**Input data**
lemma level_potential_le_one:
  assumes "0 \<le> \<mu>" "\<And>j. L \<le> j \<Longrightarrow> j < T \<Longrightarrow> 0 \<le> d j"
  shows "level_potential \<mu> d L T k \<le> 1"
proof -
  have "level_potential \<mu> d L T k \<le> level_potential \<mu> d L T 0"
    using assms by (intro level_potential_antimono) auto
  then show ?thesis by (simp add: level_potential_def split: if_splits)
qed

lemma one_le_level_potential_scaled:
  assumes "0 \<le> \<mu>" "\<And>j. L \<le> j \<Longrightarrow> j < T \<Longrightarrow> 0 \<le> d j" "k < T"
  shows "1 \<le> exp (\<mu> * (\<Sum>j=L..<T. d j)) * level_potential \<mu> d L T k"
proof -
  have "(\<Sum>j=L..<k. d j) \<le> (\<Sum>j=L..<T. d j)"
    using assms by (intro sum_mono2) auto
  then show ?thesis
    using assms by (simp add: level_potential_def mult_left_mono flip: exp_add)
qed

lemma exp_potential_step_le:
  fixes A q d D \<mu> :: real
  assumes "0 < A" "0 < \<mu>" "0 < d" "d \<le> D" "1 / d \<le> q"
  shows "A * exp (- (\<mu> * d)) + (A - A * exp (- (\<mu> * d))) * (1 - q) \<le> (1 - \<mu> + \<mu>\<^sup>2 * D) * A"
proof -
  define E where "E = 1 - exp (- (\<mu> * d))"
  have E0: "0 \<le> E" using assms by (simp add: E_def)
  have "\<mu> - \<mu>\<^sup>2 * D \<le> \<mu> - \<mu>\<^sup>2 * d"
    using assms by (simp add: mult_left_mono)
  also have "\<dots> = (\<mu> * d - (\<mu> * d)\<^sup>2) / d"
    using assms by (simp add: field_simps power2_eq_square)
  also have "\<dots> \<le> E / d"
    using one_minus_exp_minus_ge[of "\<mu> * d"] assms by (simp add: E_def divide_right_mono)
  also have "\<dots> \<le> E * q"
    using mult_left_mono[OF assms(5) E0] by simp
  finally have "A * (\<mu> - \<mu>\<^sup>2 * D) \<le> A * (E * q)"
    using assms by (simp add: mult_left_mono)
  then show ?thesis by (simp add: E_def algebra_simps)
qed
(* Invariant for level_below: starting at a maximum i0, as long as no later
   non-maximum is lifted above the maxima preceding i0, the heights plus the
   remaining increment budget 2^(m-k) stay below level(i0 - 1) + C + 2^(m - i0). *)
lemma level_growth_bound:
  assumes i0: "lr_max p i0" "1 \<le> i0" and k: "i0 \<le> k" "k \<le> m" and C: "2 ^ m \<le> C"
    and before: "\<And>h. i0 < h \<Longrightarrow> h \<le> k \<Longrightarrow> \<not> lr_max p h \<Longrightarrow> last_smaller_lr_max p h < i0"
  shows "level p m C k + 2 ^ (m - k) \<le> level p m C (i0 - 1) + C + 2 ^ (m - i0)"
  using k before
proof (induction k rule: dec_induct)
  case base
  have "level p m C i0 = level p m C (i0 - 1) + 2 ^ (m - i0)"
    using i0 level.simps(2)[of p m C "i0 - 1"] by simp
  moreover have "(2::int) ^ (m - i0) \<le> 2 ^ m" by (rule power_increasing) auto
  ultimately show ?case using C by linarith
next
  case (step k)
  have halves: "(2::int) ^ (m - Suc k) + 2 ^ (m - Suc k) = 2 ^ (m - k)"
    using step.prems(1) by (simp flip: mult_2 power_Suc add: Suc_diff_Suc)
  have IH: "level p m C k + 2 ^ (m - k) \<le> level p m C (i0 - 1) + C + 2 ^ (m - i0)"
    using step by simp
  show ?case
  proof (cases "lr_max p (Suc k)")
    case True
    then show ?thesis using IH halves by simp
  next
    case False
    have "level p m C (last_smaller_lr_max p (Suc k)) \<le> level p m C (i0 - 1)"
      using step.prems(2)[of "Suc k"] step.hyps False by (intro level_mono) auto
    moreover have "(2::int) ^ (m - k) \<le> 2 ^ (m - i0)"
      by (rule power_increasing) (use step.hyps in auto)
    moreover have "level p m C (Suc k) = 2 ^ (m - Suc k) +
        max (level p m C k) (level p m C (last_smaller_lr_max p (Suc k)) + C)"
      using False by simp
    ultimately show ?thesis using IH halves by linarith
  qed
qed
(* Let $K$ be a field, $n\ge2$, regard $M_n(K)$ as a left $M_n(K)$-module via left multiplication, and for $X\in M_n(K)$ let $H_X=\{A\in M_n(K): \operatorname{Tr}(AX)=0\}$. Then for every $X\in M_n(K)$ and every choice of $\vartheta$: (i) if $\operatorname{char}K=0$ or $\operatorname{char}K=p>n$, then \[ \sigma_\vartheta(H_X)=\{Y\in M_n(K): YX=0\},\qquad \tau_\vartheta(H_X)=\{Y\in M_n(K): YX=0\ \text{or}\ YX=\lambda I_n\text{ for some }\lambda\in K\setminus\{0\}\}; \] (ii) if $\operatorname{char}K=p>0$ with $p\le n$, then $\sigma_\vartheta(H_X)=\tau_\vartheta(H_X)=\{Y\in M_n(K): YX=0\}$.
   Context: $I_n$ is the identity matrix and $\operatorname{Tr}$ the trace. For an associative unital algebra $\mathcal A$ over a field $K$, the symbol $\vartheta$ ranges over "left", "right", "pre-two-sided", "two-sided". A subspace $J\subseteq\mathcal A$ is a left (resp. right; two-sided) Mathieu subspace of $\mathcal A$ if whenever $a\in\mathcal A$ satisfies $a^m\in J$ for all $m\ge1$, then for all $b,c\in\mathcal A$ there is $N_0$ with $ba^m\in J$ (resp. $a^mc\in J$; $ba^mc\in J$) for all $m\ge N_0$; pre-two-sided means both left and right. A $\vartheta$-ideal means a left/right/two-sided ideal accordingly, and a two-sided ideal for $\vartheta$ = pre-two-sided. For a left $\mathcal A$-module $\mathcal M$, $u\in\mathcal M$, $N\subseteq \mathcal M$, $(N:u)=\{a\in\mathcal A: au\in N\}$; for a subspace $N$, $\sigma_\vartheta(N)=\{u\in\mathcal M: (N:u)\text{ is a }\vartheta\text{-ideal of }\mathcal A\}$, $\tau_\vartheta(N)=\{u\in\mathcal M: (N:u)\text{ is a }\vartheta\text{-Mathieu subspace of }\mathcal A\}$. *)

theory Defs
  imports "HOL-Analysis.Analysis"
begin

definition msmult :: "'a::field \<Rightarrow> 'a^'n^'n \<Rightarrow> 'a^'n^'n" where
  "msmult c A = (\<chi> i j. c * A$i$j)"

primrec matpow :: "'a::field^'n^'n \<Rightarrow> nat \<Rightarrow> 'a^'n^'n" where
  "matpow a 0 = mat 1"
| "matpow a (Suc m) = a ** matpow a m"

definition msubspace :: "('a::field^'n^'n) set \<Rightarrow> bool" where
  "msubspace J \<longleftrightarrow> 0 \<in> J \<and> (\<forall>x\<in>J. \<forall>y\<in>J. x + y \<in> J) \<and> (\<forall>c x. x \<in> J \<longrightarrow> msmult c x \<in> J)"

datatype theta = Left | Right | PreTwoSided | TwoSided

definition left_ideal :: "('a::field^'n^'n) set \<Rightarrow> bool" where
  "left_ideal J \<longleftrightarrow> msubspace J \<and> (\<forall>b a. a \<in> J \<longrightarrow> b ** a \<in> J)"

definition right_ideal :: "('a::field^'n^'n) set \<Rightarrow> bool" where
  "right_ideal J \<longleftrightarrow> msubspace J \<and> (\<forall>a c. a \<in> J \<longrightarrow> a ** c \<in> J)"

definition twosided_ideal :: "('a::field^'n^'n) set \<Rightarrow> bool" where
  "twosided_ideal J \<longleftrightarrow> msubspace J \<and> (\<forall>b a c. a \<in> J \<longrightarrow> b ** a ** c \<in> J)"

fun theta_ideal :: "theta \<Rightarrow> ('a::field^'n^'n) set \<Rightarrow> bool" where
  "theta_ideal Left J = left_ideal J"
| "theta_ideal Right J = right_ideal J"
| "theta_ideal PreTwoSided J = twosided_ideal J"
| "theta_ideal TwoSided J = twosided_ideal J"

definition left_mathieu :: "('a::field^'n^'n) set \<Rightarrow> bool" where
  "left_mathieu J \<longleftrightarrow> msubspace J \<and>
     (\<forall>a. (\<forall>m\<ge>1. matpow a m \<in> J) \<longrightarrow>
        (\<forall>b. \<exists>N0. \<forall>m\<ge>N0. b ** matpow a m \<in> J))"

definition right_mathieu :: "('a::field^'n^'n) set \<Rightarrow> bool" where
  "right_mathieu J \<longleftrightarrow> msubspace J \<and>
     (\<forall>a. (\<forall>m\<ge>1. matpow a m \<in> J) \<longrightarrow>
        (\<forall>c. \<exists>N0. \<forall>m\<ge>N0. matpow a m ** c \<in> J))"

definition twosided_mathieu :: "('a::field^'n^'n) set \<Rightarrow> bool" where
  "twosided_mathieu J \<longleftrightarrow> msubspace J \<and>
     (\<forall>a. (\<forall>m\<ge>1. matpow a m \<in> J) \<longrightarrow>
        (\<forall>b c. \<exists>N0. \<forall>m\<ge>N0. b ** matpow a m ** c \<in> J))"

fun theta_mathieu :: "theta \<Rightarrow> ('a::field^'n^'n) set \<Rightarrow> bool" where
  "theta_mathieu Left J = left_mathieu J"
| "theta_mathieu Right J = right_mathieu J"
| "theta_mathieu PreTwoSided J = (left_mathieu J \<and> right_mathieu J)"
| "theta_mathieu TwoSided J = twosided_mathieu J"

text \<open>M_n(K) as left module over itself: (N:u) = {a. a u \<in> N}.\<close>
definition colon :: "('a::field^'n^'n) set \<Rightarrow> 'a^'n^'n \<Rightarrow> ('a^'n^'n) set" where
  "colon N u = {a. a ** u \<in> N}"

definition sigma_theta :: "theta \<Rightarrow> ('a::field^'n^'n) set \<Rightarrow> ('a^'n^'n) set" where
  "sigma_theta th N = {u. theta_ideal th (colon N u)}"

definition tau_theta :: "theta \<Rightarrow> ('a::field^'n^'n) set \<Rightarrow> ('a^'n^'n) set" where
  "tau_theta th N = {u. theta_mathieu th (colon N u)}"

definition HX :: "'a::field^'n^'n \<Rightarrow> ('a^'n^'n) set" where
  "HX X = {A. trace (A ** X) = 0}"

end

theory Submission
  imports Defs
begin

(*
  For a left multiplier Y the colon set (H_X : Y) is the hyperplane
  trace_perp (Y X) = {A. tr (A (Y X)) = 0}, so everything reduces to deciding, for a
  single matrix Z, when trace_perp Z is a theta-ideal and when it is a theta-Mathieu
  subspace.

  Ideals: if trace_perp Z is a left ideal then tr (A Z) = 0 forces A Z = 0, because the
  trace form is nondegenerate; for Z <> 0 and n >= 2 an explicit combination of two
  matrix units violates this.  Right ideals follow by transposition.

  Mathieu subspaces: an idempotent e in J with b e outside J shows that J is not left
  Mathieu.  A nonscalar Z admits a rank-one idempotent u v^T with tr (e Z) = 0 but
  e Z <> 0; if 0 < char K = p <= n, a diagonal idempotent of rank p works for the
  nonzero scalars Z = c I.  Conversely, in characteristic 0 or > n a matrix all of
  whose powers have trace zero is nilpotent (Fitting-type argument: a power relation
  among A^0, ..., A^(n^2) yields A^k = A^k A R with R a polynomial in A, so (A R)^k is
  an idempotent of trace 0, hence of rank 0), which makes trace_perp (c I) Mathieu
  of every kind.
*)

lemma matpow_add: "matpow A (m + n) = matpow A m ** matpow A n"
  by (induction m) (simp_all add: matrix_mul_assoc)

**Activity**
Each line from the one holding "whose powers have" down to the end of the records above is to be repeated exactly; no other line belongs in the reply.

**Written reply**
  whose powers have trace zero is nilpotent (Fitting-type argument: a power relation
  among A^0, ..., A^(n^2) yields A^k = A^k A R with R a polynomial in A, so (A R)^k is
  an idempotent of trace 0, hence of rank 0), which makes trace_perp (c I) Mathieu
  of every kind.
*)

lemma matpow_add: "matpow A (m + n) = matpow A m ** matpow A n"
  by (induction m) (simp_all add: matrix_mul_assoc)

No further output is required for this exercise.